Saved data entries

▬▬▬

theory Submission
  imports Defs "HOL-Probability.Probability" "HOL-Real_Asymp.Real_Asymp"
begin

(*
  Substituting u = F x turns everything into functionals of the quantile function G = F\<^sup>-\<^sup>1 on
  (0, 1): \<sigma>\<^sup>2 = \<integral> G\<^sup>2, v \<circ> G = V and q \<circ> G = W are the first and second primitives of G, and
  symmetry of f gives \<integral> G = 0.  Wirtinger's inequality \<pi>\<^sup>2 \<integral> V\<^sup>2 \<le> \<integral> G\<^sup>2 for V (0) = V (1) = 0,
  applied to G and to the centred primitive W - \<integral> W, yields \<pi>\<^sup>4 Var W \<le> \<pi>\<^sup>2 \<integral> V\<^sup>2 \<le> \<integral> G\<^sup>2,
  i.e. the efficiency never exceeds 1.  Equality in Wirtinger's inequality forces G = k cos (\<pi> u);
  monotonicity of G gives k < 0, and the image of the uniform law under -c cos (\<pi> u) is the arcsine
  law on (-c, c).  Conversely, for the arcsine law the quantile is -c cos (\<pi> u) and equality is a
  direct computation.

  Wirtinger's inequality is proved by completing the square with the weight \<pi> cot (\<pi> u), the
  logarithmic derivative of sin (\<pi> u), and integrating by parts on intervals exhausting (0, 1).
  Since a quantile function is only left-continuous, the fundamental theorem of calculus is used in
  a version for left derivatives.
*)

section \<open>Integration against left derivatives\<close>

lemma closed_left_continuation_imp_Icc_subset:
  fixes S :: "real set"
  assumes ab: "a \<le> b" and closed: "closed S" and bS: "b \<in> S"
    and step: "\<And>x. x \<in> S \<Longrightarrow> a < x \<Longrightarrow> x \<le> b \<Longrightarrow> \<exists>d>0. \<forall>y. a \<le> y \<and> x - d < y \<and> y \<le> x \<longrightarrow> y \<in> S"
  shows "{a..b} \<subseteq> S"
proof -
  define T where "T = {x \<in> {a..b}. {x..b} \<subseteq> S}"
  define s where "s = Inf T"
  have bT: "b \<in> T" using ab bS by (auto simp: T_def)
  have bdd: "bdd_below T" by (auto simp: T_def intro!: bdd_belowI[of _ a])
  have as: "a \<le> s" and sb: "s \<le> b"
    using bT bdd by (auto simp: s_def T_def intro!: cInf_greatest cInf_lower)
  have above_s: "{s<..b} \<subseteq> S"
  proof
    fix y assume y: "y \<in> {s<..b}"
    then obtain x where "x \<in> T" "x < y" using cInf_less_iff[OF _ bdd, of y] bT by (auto simp: s_def)
    then show "y \<in> S" using y by (auto simp: T_def)
  qed
  have "s \<in> S"
  proof (cases "s = b")
    case False
    then have "s \<in> closure {s<..b}" using sb by (simp add: closure_greaterThanAtMost)
    then show ?thesis using closure_minimal[OF above_s closed] by blast
  qed (use bS in simp)
  then have s_to_b: "{s..b} \<subseteq> S" using above_s by (force simp: order.order_iff_strict)
  then have sT: "s \<in> T" using as sb by (simp add: T_def)
  have "s = a"
  proof (rule ccontr)
    assume "s \<noteq> a"
    then obtain d where d: "d > 0" "\<forall>y. a \<le> y \<and> s - d < y \<and> y \<le> s \<longrightarrow> y \<in> S"
      using step[OF \<open>s \<in> S\<close> _ sb] as by force
    define y where "y = max a (s - d / 2)"
    have "{y..b} \<subseteq> S"
    proof
      fix z assume "z \<in> {y..b}"
      then show "z \<in> S" using d s_to_b by (cases "z \<le> s") (auto simp: y_def)
    qed
    then have "y \<in> T" using as sb d by (auto simp: T_def y_def)
    then have "s \<le> y" using bdd by (simp add: s_def cInf_lower)
    then show False using d \<open>s \<noteq> a\<close> as by (simp add: y_def)
  qed
  then show ?thesis using sT by (simp add: T_def)
qed
theorem lemma5p10:
  fixes M :: "'a measure" and X :: "nat \<Rightarrow> 'a \<Rightarrow> real"
  assumes "prob_space M"
    and "\<And>k. X k \<in> borel_measurable M"
    and "\<And>k \<omega>. \<omega> \<in> space M \<Longrightarrow> X k \<omega> \<in> {0<..<1}"
    and dense: "AE \<omega> in M. {0<..<1} \<subseteq> closure (range (\<lambda>k. X k \<omega>))"
    and "independence_condition M X"
    and null: "\<And>B. B \<in> sets borel \<Longrightarrow> B \<subseteq> {0<..<1} \<Longrightarrow> emeasure lborel B = 0 \<Longrightarrow>
                 (AE \<omega> in M. \<forall>k. X k \<omega> \<notin> B)"
    and distinct: "\<And>k l. k \<noteq> l \<Longrightarrow> measure M {\<omega> \<in> space M. X k \<omega> = X l \<omega>} = 0"
  shows "\<forall>n. absolutely_continuous (PiM {..<n} (\<lambda>_. lborel))
              (distr M (PiM {..<n} (\<lambda>_. lborel)) (\<lambda>\<omega>. \<lambda>k\<in>{..<n}. X k \<omega>))"
proof
  fix n :: nat
  interpret M: prob_space M by fact
  show "absolutely_continuous (PiM {..<n} (\<lambda>_. lborel))
      (distr M (PiM {..<n} (\<lambda>_. lborel)) (\<lambda>\<omega>. \<lambda>k\<in>{..<n}. X k \<omega>))"
  proof (rule absolutely_continuous_distrI)
    show "(\<lambda>\<omega>. \<lambda>k\<in>{..<n}. X k \<omega>) \<in> M \<rightarrow>\<^sub>M PiM {..<n} (\<lambda>_. lborel)"
      using assms(2) by (intro measurable_restrict) auto
    fix B :: "(nat \<Rightarrow> real) set" assume B: "B \<in> null_sets (PiM {..<n} (\<lambda>_. lborel))"
    show "AE \<omega> in M. (\<lambda>k\<in>{..<n}. X k \<omega>) \<notin> B"
    proof (rule AE_restrict_notin_if_AE_notin_hits)
      show "AE \<omega> in M. inj (\<lambda>k. X k \<omega>)"
        using M.AE_inj_if_ties_null[OF assms(2) distinct] .
      show "AE \<omega> in M. (\<lambda>k. X k \<omega>) \<notin> hits_in_distinct_cells n N B" if "N \<ge> 2" for N
        by (rule AE_notin_hits_in_distinct_cells[OF assms(2,3,5) null B that])
    qed
  qed simp
qed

▬▬▬

:: Exercise prompt ::
Reproduce the records above exactly, from the first line through the line containing "(0, 1): \<sigma>\<^sup>2", and output nothing else.

:: Exercise output ::
theory Submission
  imports Defs "HOL-Probability.Probability" "HOL-Real_Asymp.Real_Asymp"
begin

(*
  Substituting u = F x turns everything into functionals of the quantile function G = F\<^sup>-\<^sup>1 on
  (0, 1): \<sigma>\<^sup>2 = \<integral> G\<^sup>2, v \<circ> G = V and q \<circ> G = W are the first and second primitives of G, and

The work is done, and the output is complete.